Plus intéressant s'il se peut, il ne s'agit pas que d'un triomphe individuel. Christophe Rousset et son escouade - parties prenantes d'un cycle Tragédiennes désormais hautement programmatique, tout autant que travail d'équipe de chaque instant - sont associés à la fête, avec éclat. Cela va bien au-delà des compliments d'usage, dévolus à un groupe qui aurait sagement tenu sa partie au service d'une diva (ce que n'est précisément pas Gens) ! D'une certaine façon même, ce sont les Talens Lyriques qui ont, ce 10 avril, raflé la mise. En effet, à l'aune d'orchestrations dix-neuviémistes qui se densifient, s'enrichissent d'instruments évolutifs ou nouveaux (le saxophone...), recherchent alors un vrai partenariat narratif, plus qu'un obbligato ou même un concertino - la formation de Rousset s'est imposée avec un irrésistible brio. Non seulement un sans-faute technique, mais en prime, en dépit d'un corpus rendu complexe par son étendue historique, une démonstration stylistique de très haute volée.
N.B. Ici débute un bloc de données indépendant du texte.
lemma psd_solution_energy_le:
  fixes A R :: "real^'n^'n"
  assumes A: "\<And>z. 0 \<le> z \<bullet> (A *v z)" and R: "psd R" and y: "(A + R) *v y = R *v x"
  shows "y \<bullet> ((A + R) *v y) \<le> x \<bullet> (R *v x)"
proof -
  have "x \<bullet> (R *v y) = (transpose R *v x) \<bullet> y"
    by (simp add: dot_lmul_matrix)
  then have sym: "x \<bullet> (R *v y) = y \<bullet> (R *v x)"
    using R unfolding psd_def by (simp add: inner_commute)
  have "0 \<le> (x - y) \<bullet> (R *v (x - y))"
    using R unfolding psd_def by blast
  also have "\<dots> = x \<bullet> (R *v x) - 2 * (y \<bullet> (R *v x)) + y \<bullet> (R *v y)"
    using sym by (simp add: matrix_vector_mult_diff_distrib inner_diff_left inner_diff_right)
  also have "y \<bullet> (R *v x) = y \<bullet> ((A + R) *v y)"
    by (simp add: y)
  also have "y \<bullet> (R *v y) = y \<bullet> ((A + R) *v y) - y \<bullet> (A *v y)"
    by (simp add: matrix_vector_mult_add_rdistrib inner_add_right)
  finally show ?thesis
    using A[of y] by linarith
qed

lemma regularized_energy_contraction:
  fixes A R :: "real^'n^'n"
  assumes \<mu>: "\<mu> > 0" "\<And>x. \<mu> * (norm x)\<^sup>2 \<le> x \<bullet> (A *v x)" and R: "psd R"
  defines "M \<equiv> A + R"
  defines "T \<equiv> matrix_inv M ** R"
  shows "(T *v x) \<bullet> (M *v (T *v x)) \<le> spec_norm M / (spec_norm M + \<mu>) * (x \<bullet> (M *v x))"
proof -
  let ?s = "spec_norm M"
  have "M *v (T *v x) = R *v x"
    using matrix_inv_right[OF invertible_add_psd[OF \<mu> R]]
    by (simp add: M_def T_def matrix_vector_mul_assoc matrix_mul_assoc)
  moreover have "0 \<le> z \<bullet> (A *v z)" for z
    using \<mu>(2)[of z] \<mu>(1) by (smt (verit) zero_le_power2 mult_nonneg_nonneg)
  ultimately have "(T *v x) \<bullet> (M *v (T *v x)) \<le> x \<bullet> (R *v x)"
    using psd_solution_energy_le R unfolding M_def by blast
  also have "x \<bullet> (R *v x) = x \<bullet> (M *v x) - x \<bullet> (A *v x)"
    by (simp add: M_def matrix_vector_mult_add_rdistrib inner_add_right)
  also have "\<dots> \<le> x \<bullet> (M *v x) - \<mu> * (norm x)\<^sup>2"
    using \<mu>(2) by simp
  also have "\<dots> \<le> ?s / (?s + \<mu>) * (x \<bullet> (M *v x))"
  proof -
    have "x \<bullet> (M *v x) \<le> (?s + \<mu>) * (norm x)\<^sup>2"
      using inner_matrix_vector_le_spec_norm[of x M] \<mu>(1)
      by (simp add: distrib_right add_increasing2)
    then have "\<mu> * (x \<bullet> (M *v x)) \<le> \<mu> * ((?s + \<mu>) * (norm x)\<^sup>2)"
      using \<mu>(1) by (simp add: mult_left_mono)
    moreover have "?s + \<mu> > 0"
      using spec_norm_nonneg[of M] \<mu>(1) by linarith
    ultimately show ?thesis
      by (simp add: field_simps)
  qed
  finally show ?thesis .
qed

lemma spec_norm_mpow_le_of_energy_contraction:
  fixes M T :: "real^'n^'n"
  assumes "\<mu> > 0" "0 \<le> q"
    and lower: "\<And>x. \<mu> * (norm x)\<^sup>2 \<le> x \<bullet> (M *v x)"
    and upper: "\<And>x. x \<bullet> (M *v x) \<le> L * (norm x)\<^sup>2"
    and contraction: "\<And>x. (T *v x) \<bullet> (M *v (T *v x)) \<le> q * (x \<bullet> (M *v x))"
  shows "spec_norm (mpow T k) \<le> sqrt (L / \<mu>) * sqrt q ^ k"
proof (rule spec_norm_le)
  fix x :: "real^'n"
  have iterate: "(mpow T j *v x) \<bullet> (M *v (mpow T j *v x)) \<le> q ^ j * (x \<bullet> (M *v x))" for j
  proof (induction j)
    case (Suc j)
    have "(mpow T (Suc j) *v x) \<bullet> (M *v (mpow T (Suc j) *v x))
        \<le> q * ((mpow T j *v x) \<bullet> (M *v (mpow T j *v x)))"
      using contraction by (simp flip: matrix_vector_mul_assoc)
    also have "\<dots> \<le> q * (q ^ j * (x \<bullet> (M *v x)))"
      using Suc.IH \<open>0 \<le> q\<close> by (rule mult_left_mono)
    finally show ?case
      by (simp add: mult.assoc)
  qed simp
  let ?y = "mpow T k *v x"
  have "\<mu> * (norm ?y)\<^sup>2 \<le> q ^ k * (L * (norm x)\<^sup>2)"
    using lower[of ?y] iterate[of k] mult_left_mono[OF upper[of x], of "q ^ k"] \<open>0 \<le> q\<close>
    by simp
  then have "(norm ?y)\<^sup>2 \<le> L / \<mu> * q ^ k * (norm x)\<^sup>2"
    using \<open>\<mu> > 0\<close> by (simp add: field_simps)
  then have "norm ?y \<le> sqrt (L / \<mu> * q ^ k * (norm x)\<^sup>2)"
    by (rule real_le_rsqrt)
  also have "\<dots> = sqrt (L / \<mu>) * sqrt q ^ k * norm x"
    by (simp only: real_sqrt_mult real_sqrt_power[of q k] real_sqrt_abs abs_norm_cancel)
  finally show "norm ?y \<le> sqrt (L / \<mu>) * sqrt q ^ k * norm x" .
qed

lemma tendsto_spec_norm_mpow_regularized:
  fixes A R :: "real^'n^'n"
  assumes \<mu>: "\<mu> > 0" "\<And>x. \<mu> * (norm x)\<^sup>2 \<le> x \<bullet> (A *v x)" and R: "psd R"
  shows "(\<lambda>k. spec_norm (mpow (matrix_inv (A + R) ** R) k)) \<longlonglongrightarrow> 0"
proof (rule Lim_null_comparison)
  let ?s = "spec_norm (A + R)"
  let ?q = "?s / (?s + \<mu>)"
  have q: "0 \<le> ?q" "?q < 1"
    using spec_norm_nonneg[of "A + R"] \<mu>(1) by (simp_all add: field_simps)
  have "\<mu> * (norm x)\<^sup>2 \<le> x \<bullet> ((A + R) *v x)" for x
    using \<mu>(2)[of x] R unfolding psd_def
    by (smt (verit) inner_add_right matrix_vector_mult_add_rdistrib)
  then show "\<forall>\<^sub>F k in sequentially.
      norm (spec_norm (mpow (matrix_inv (A + R) ** R) k)) \<le> sqrt (?s / \<mu>) * sqrt ?q ^ k"
    using spec_norm_mpow_le_of_energy_contraction[OF \<mu>(1) q(1) _ inner_matrix_vector_le_spec_norm
        regularized_energy_contraction[OF \<mu> R]]
    by (simp add: spec_norm_nonneg)
  show "(\<lambda>k. sqrt (?s / \<mu>) * sqrt ?q ^ k) \<longlonglongrightarrow> 0"
    using q by (intro tendsto_mult_right_zero LIMSEQ_power_zero) simp_all
qed

lemma tendsto_zero_within_psd:
  fixes f :: "real^'n^'n \<Rightarrow> real"
  assumes "\<And>R. psd R \<Longrightarrow> \<bar>f R\<bar> \<le> g (spec_norm R)" and "isCont g 0" and "g 0 = 0"
  shows "(f \<longlongrightarrow> 0) (at 0 within {R. psd R})"
proof (rule Lim_null_comparison)
  show "\<forall>\<^sub>F R in at 0 within {R. psd R}. norm (f R) \<le> g (spec_norm R)"
    using assms(1) by (simp add: eventually_at_filter)
  show "((\<lambda>R. g (spec_norm R)) \<longlongrightarrow> 0) (at 0 within {R. psd R})"
    using isCont_tendsto_compose[OF assms(2) spec_norm_tendsto_zero] assms(3) by simp
qed

lemma beta_hr_error_tendsto_zero_at_regularization_zero:
  fixes H :: "real^'n^'N" and Y :: "real^'k^'N"
  assumes "pos_def (transpose H ** H)"
  shows "((\<lambda>R. spec_norm (beta_hr H Y R c - beta_opt H Y)) \<longlongrightarrow> 0) (at 0 within {R. psd R})"
proof -
  obtain \<mu> where \<mu>: "\<mu> > 0" "\<And>x. \<mu> * (norm x)\<^sup>2 \<le> x \<bullet> ((transpose H ** H) *v x)"
    using pos_def_coercive[OF assms] by blast
  show ?thesis
  proof (rule tendsto_zero_within_psd[where g = "\<lambda>t. (t / \<mu>) ^ Suc c * spec_norm (beta_opt H Y)"])
    fix R :: "real^'n^'n"
    let ?T = "matrix_inv (transpose H ** H + R) ** R"
    assume R: "psd R"
    have "spec_norm (beta_hr H Y R c - beta_opt H Y)
        \<le> spec_norm (mpow ?T (Suc c)) * spec_norm (beta_opt H Y)"
      unfolding beta_hr_error[OF assms R] spec_norm_uminus by (rule spec_norm_matrix_mult_le)
    also have "\<dots> \<le> (spec_norm R / \<mu>) ^ Suc c * spec_norm (beta_opt H Y)"
      using spec_norm_mpow_le[of ?T] power_mono[OF spec_norm_regularized_le[OF \<mu> R] spec_norm_nonneg]
      by (intro mult_right_mono spec_norm_nonneg) (rule order_trans)
    finally show "\<bar>spec_norm (beta_hr H Y R c - beta_opt H Y)\<bar>
        \<le> (spec_norm R / \<mu>) ^ Suc c * spec_norm (beta_opt H Y)"
      by (simp add: spec_norm_nonneg)
  qed (use \<mu>(1) in \<open>auto intro!: continuous_intros\<close>)
qed

lemma regularized_correction_tendsto_zero:
  fixes H :: "real^'n^'N" and Y :: "real^'k^'N"
  assumes "pos_def (transpose H ** H)"
  shows "((\<lambda>R. spec_norm (matrix_inv (transpose H ** H + R) ** Fmat H R ** (transpose H ** Y)))
            \<longlongrightarrow> 0) (at 0 within {R. psd R})"
proof -
  let ?Mi = "\<lambda>R. matrix_inv (transpose H ** H + R)"
  let ?B = "transpose H ** Y"
  obtain \<mu> where \<mu>: "\<mu> > 0" "\<And>x. \<mu> * (norm x)\<^sup>2 \<le> x \<bullet> ((transpose H ** H) *v x)"
    using pos_def_coercive[OF assms] by blast
  show ?thesis
  proof (rule tendsto_zero_within_psd[where g = "\<lambda>t. t / \<mu> * (1 / \<mu>) * spec_norm ?B"])
    fix R :: "real^'n^'n"
    assume R: "psd R"
    have "?Mi R ** Fmat H R ** ?B = (?Mi R ** R) ** ?Mi R ** ?B"
      by (simp add: Fmat_def matrix_mul_assoc)
    also have "spec_norm \<dots> \<le> spec_norm (?Mi R ** R) * spec_norm (?Mi R) * spec_norm ?B"
      by (intro order_trans[OF spec_norm_matrix_mult_le] mult_right_mono spec_norm_matrix_mult_le
          spec_norm_nonneg)
    also have "\<dots> \<le> spec_norm R / \<mu> * (1 / \<mu>) * spec_norm ?B"
      by (intro mult_right_mono mult_mono spec_norm_regularized_le[OF \<mu> R]
          spec_norm_inv_add_psd_le[OF \<mu> R] spec_norm_nonneg divide_nonneg_pos \<mu>(1))
    finally show "\<bar>spec_norm (?Mi R ** Fmat H R ** ?B)\<bar> \<le> spec_norm R / \<mu> * (1 / \<mu>) * spec_norm ?B"
      by (simp add: spec_norm_nonneg)
  qed (use \<mu>(1) in \<open>auto intro!: continuous_intros\<close>)
qed

lemma beta_hr_error_tendsto_zero_at_order_infinity:
  fixes H :: "real^'n^'N" and Y :: "real^'k^'N"
  assumes "pos_def (transpose H ** H)" and R: "psd R"
  shows "(\<lambda>c. spec_norm (beta_hr H Y R c - beta_opt H Y)) \<longlonglongrightarrow> 0"
proof (rule Lim_null_comparison)
  let ?T = "matrix_inv (transpose H ** H + R) ** R"
  obtain \<mu> where \<mu>: "\<mu> > 0" "\<And>x. \<mu> * (norm x)\<^sup>2 \<le> x \<bullet> ((transpose H ** H) *v x)"
    using pos_def_coercive[OF assms(1)] by blast
  have "spec_norm (beta_hr H Y R c - beta_opt H Y)
      \<le> spec_norm (mpow ?T (Suc c)) * spec_norm (beta_opt H Y)" for c
    unfolding beta_hr_error[OF assms] spec_norm_uminus by (rule spec_norm_matrix_mult_le)
  then show "\<forall>\<^sub>F c in sequentially. norm (spec_norm (beta_hr H Y R c - beta_opt H Y))
      \<le> spec_norm (mpow ?T (Suc c)) * spec_norm (beta_opt H Y)"
    by (simp add: spec_norm_nonneg)
  show "(\<lambda>c. spec_norm (mpow ?T (Suc c)) * spec_norm (beta_opt H Y)) \<longlonglongrightarrow> 0"
    by (intro tendsto_mult_left_zero LIMSEQ_Suc tendsto_spec_norm_mpow_regularized[OF \<mu> R])
qed

theorem theorem1:
  fixes H :: "real^'n^'N" and Y :: "real^'k^'N"
  assumes "pos_def (transpose H ** H)"
  shows "(\<forall>c::nat. ((\<lambda>R. spec_norm (beta_hr H Y R c - beta_opt H Y)) \<longlongrightarrow> 0)
            (at 0 within {R. psd R}))
       \<and> ((\<lambda>R. spec_norm (matrix_inv (transpose H ** H + R) ** Fmat H R ** (transpose H ** Y)))
            \<longlongrightarrow> 0) (at 0 within {R. psd R})
       \<and> (\<forall>R. psd R \<and> spectral_radius (Fmat H R) < 1 \<longrightarrow>
            (\<lambda>c. spec_norm (beta_hr H Y R c - beta_opt H Y)) \<longlonglongrightarrow> 0)"
  using beta_hr_error_tendsto_zero_at_regularization_zero[OF assms]
    regularized_correction_tendsto_zero[OF assms]
    beta_hr_error_tendsto_zero_at_order_infinity[OF assms]
  by blast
Christophe Rousset, un montage © Euronews/Musica
C'est ainsi que l'ouverture de Médée (débarrassée de son insupportable pasteurisation récente à Bruxelles) a sonné avec les vrais accents pré-romantiques qui doivent être ceux de Cherubini. À vive allure mais sans pétarade gratuite, bien qu'harcelée de timbales comminatoires, d'une précision dynamique sidérante, elle a offert un tissu serré, haletant - voire suffocant, véritable pont entre Don Giovanni et Coriolan. Les magistrales ressources de l'ensemble et de son chef ont également été mises à contribution au cours de Danaïdes (Salieri), là encore plus vivantes qu'au disque - et d'une Stratonice mouvante, hagarde parfois, aussi inquiétante que résolue. Comme en état de grâce !

La signature des grands artisans, n'est pas que dans l'oriflamme flamboyant ; le surplis, l'ourlet, voire le point de croix les inspirent mieux que les autres. Que penser à cet égard du premier bis (Henry VIII, Saint-Saëns), délicatement serti d'un canevas de violoncelle si prégnant, qu'on se demande si ce n'est pas, au final, la chanteuse qui l'accompagne, plutôt que l'inverse ? Nos Talens Lyriques ont désormais tourné la page de leurs vingt ans : voici en quelque sorte un plus bel âge de la vie... qui perdure. Encore mieux, qui a tout l'avenir pour lui.

‣ Retrouvez la retransmission du concert  Le 10 novembre 2011 à Venise, en ligne ICI sur Arte Live Web. ATTENTION ! Retransmission disponible seulement jusqu'au 10/05/12.

‣ Pièce à l'écoute simple, en bas de page  Giuseppe Verdi, Don Carlos, "Toi qui sus le néant des grandeurs de ce monde", extrait du CD Tragédiennes III, © Virgin Classics.


Pour rappel, Appoggiature a consacré Véronique Gens en tant que
l'une de ses "chanteuses de l'année 2011" ICI.

 10 avril 2012, Paris, Opéra Comique, 20 h : Tragédiennes III - Méhul, Salieri, Gossec, Kreutzer, Meyerbeer, Berlioz, Cherubini, Verdi, Saint-Saëns, Arriaga -
Véronique Gens & les Talens Lyriques - Christophe Rousset, direction.



8 commentaires:

  1. Bravo! Très beau compte rendu et un éloge pleinement justifié.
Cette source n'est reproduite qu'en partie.